Please return all lines of the data below containing the string "lemma".
____________________
(* Stands in for the Rayleigh quotient bound 1'A1 <= n lambda_max, which would need the spectral
   theorem: with d = sum_mat A / n, d^m <= n r^m holds for every m = 2^k, and the factor n is
   irrelevant as m grows. *)
lemma sum_mat_le_dim_mult_eigenvalue_bound:
  fixes A :: "real mat"
  assumes A: "A \<in> carrier_mat n n" and sym: "A\<^sup>T = A"
    and cp: "char_poly A = (\<Prod>e\<leftarrow>es. [:- e, 1:])" and bound: "\<And>e. e \<in> set es \<Longrightarrow> \<bar>e\<bar> \<le> r"
  shows "sum_mat A \<le> real n * r"
proof (cases "n = 0")
  case True
  then show ?thesis
    using A by (simp add: sum_mat_carrier)
next
  case False
  then obtain e where "e \<in> set es"
    using spectral_invariants(1)[OF A cp] by (cases es) auto
  then have "0 \<le> r"
    using bound[of e] by simp
  show ?thesis
  proof (cases "sum_mat A \<le> 0")
    case True
    moreover have "0 \<le> real n * r"
      using \<open>0 \<le> r\<close> by simp
    ultimately show ?thesis
      by linarith
  next
    case positive: False
    define d where "d = sum_mat A / n"
    have "\<exists>\<^sub>F m in sequentially. d ^ m \<le> real n * r ^ m"
      unfolding frequently_sequentially
    proof (intro allI exI conjI)
      fix N :: nat
      show "N \<le> 2 * 2 ^ N"
        using less_exp[of N] by linarith
      have "real n * d ^ (2 * 2 ^ N) \<le> sum_mat (A ^\<^sub>m (2 * 2 ^ N))"
        using sum_mat_two_pow_ge[OF A sym, of "Suc N"] False positive by (simp add: d_def)
      also have "\<dots> \<le> real n * (real n * r ^ (2 * 2 ^ N))"
        by (rule sum_mat_even_pow_le[OF A sym cp bound])
      finally show "d ^ (2 * 2 ^ N) \<le> real n * r ^ (2 * 2 ^ N)"
        using False by simp
    qed
    then have "d \<le> r"
      by (rule le_if_frequently_power_le[OF \<open>0 \<le> r\<close>])
    then show ?thesis
      using False by (simp add: d_def pos_divide_le_eq mult.commute)
  qed
qed

section \<open>Adjacency matrices\<close>

lemma adj_matrix_carrier: "adj_matrix n E \<in> carrier_mat n n"
  by (simp add: adj_matrix_def)

lemma transpose_adj_matrix:
  assumes "simple_graph n E"
  shows "(adj_matrix n E)\<^sup>T = adj_matrix n E"
  using assms unfolding simple_graph_def adj_matrix_def by (intro eq_matI) auto

lemma sum_mat_adj_matrix:
  assumes G: "simple_graph n E"
  shows "sum_mat (adj_matrix n E) = 2 * real (num_edges n E)"
proof -
  define U where "U = {(i, j). i < j \<and> j < n \<and> E i j}"
  have "finite U"
    by (rule finite_subset[of _ "{0..<n} \<times> {0..<n}"]) (auto simp: U_def)
  have arcs: "{p \<in> {0..<n} \<times> {0..<n}. E (fst p) (snd p)} = U \<union> prod.swap ` U"
    using G unfolding simple_graph_def U_def by (auto simp: image_iff) (metis linorder_neqE_nat)
  have "sum_mat (adj_matrix n E) = (\<Sum>p\<in>{0..<n} \<times> {0..<n}. if E (fst p) (snd p) then 1 else 0)"
    by (auto simp: sum_mat_def adj_matrix_def intro!: sum.cong)
  also have "\<dots> = real (card (U \<union> prod.swap ` U))"
    by (simp add: sum.If_cases arcs[symmetric] Int_def)
  also have "card (U \<union> prod.swap ` U) = card U + card U"
    using \<open>finite U\<close> by (subst card_Un_disjoint) (auto simp: U_def card_image)
  finally show ?thesis
    by (simp add: U_def num_edges_def)
qed

lemma trace_square_adj_matrix:
  assumes "simple_graph n E"
  shows "trace (adj_matrix n E * adj_matrix n E) = sum_mat (adj_matrix n E)"
proof -
  let ?A = "adj_matrix n E"
  have "trace (?A * ?A) = (\<Sum>i\<in>{0..<n}. \<Sum>j\<in>{0..<n}. (?A $$ (i, j))\<^sup>2)"
    by (rule trace_mult_self_symmetric[OF adj_matrix_carrier transpose_adj_matrix[OF assms]])
  also have "\<dots> = (\<Sum>i\<in>{0..<n}. \<Sum>j\<in>{0..<n}. ?A $$ (i, j))"
    by (intro sum.cong refl) (simp add: adj_matrix_def)
  finally show ?thesis
    by (simp only: sum_mat_carrier[OF adj_matrix_carrier])
qed

lemma abs_det_adj_matrix_ge_1:
  assumes "det (adj_matrix n E) \<noteq> 0"
  shows "1 \<le> \<bar>det (adj_matrix n E)\<bar>"
proof -
  define B :: "int mat" where "B = mat n n (\<lambda>(i, j). if E i j then 1 else 0)"
  have "adj_matrix n E = map_mat of_int B"
    unfolding B_def adj_matrix_def by (intro eq_matI) auto
  then have det: "det (adj_matrix n E) = of_int (det B)"
    by (simp add: of_int_hom.hom_det)
  with assms have "1 \<le> \<bar>det B\<bar>"
    by linarith
  then show ?thesis
    unfolding det by linarith
qed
____________________
Expected output -
lemma sum_mat_le_dim_mult_eigenvalue_bound:
lemma adj_matrix_carrier: "adj_matrix n E \<in> carrier_mat n n"
lemma transpose_adj_matrix:
lemma sum_mat_adj_matrix:
lemma trace_square_adj_matrix:
lemma abs_det_adj_matrix_ge_1:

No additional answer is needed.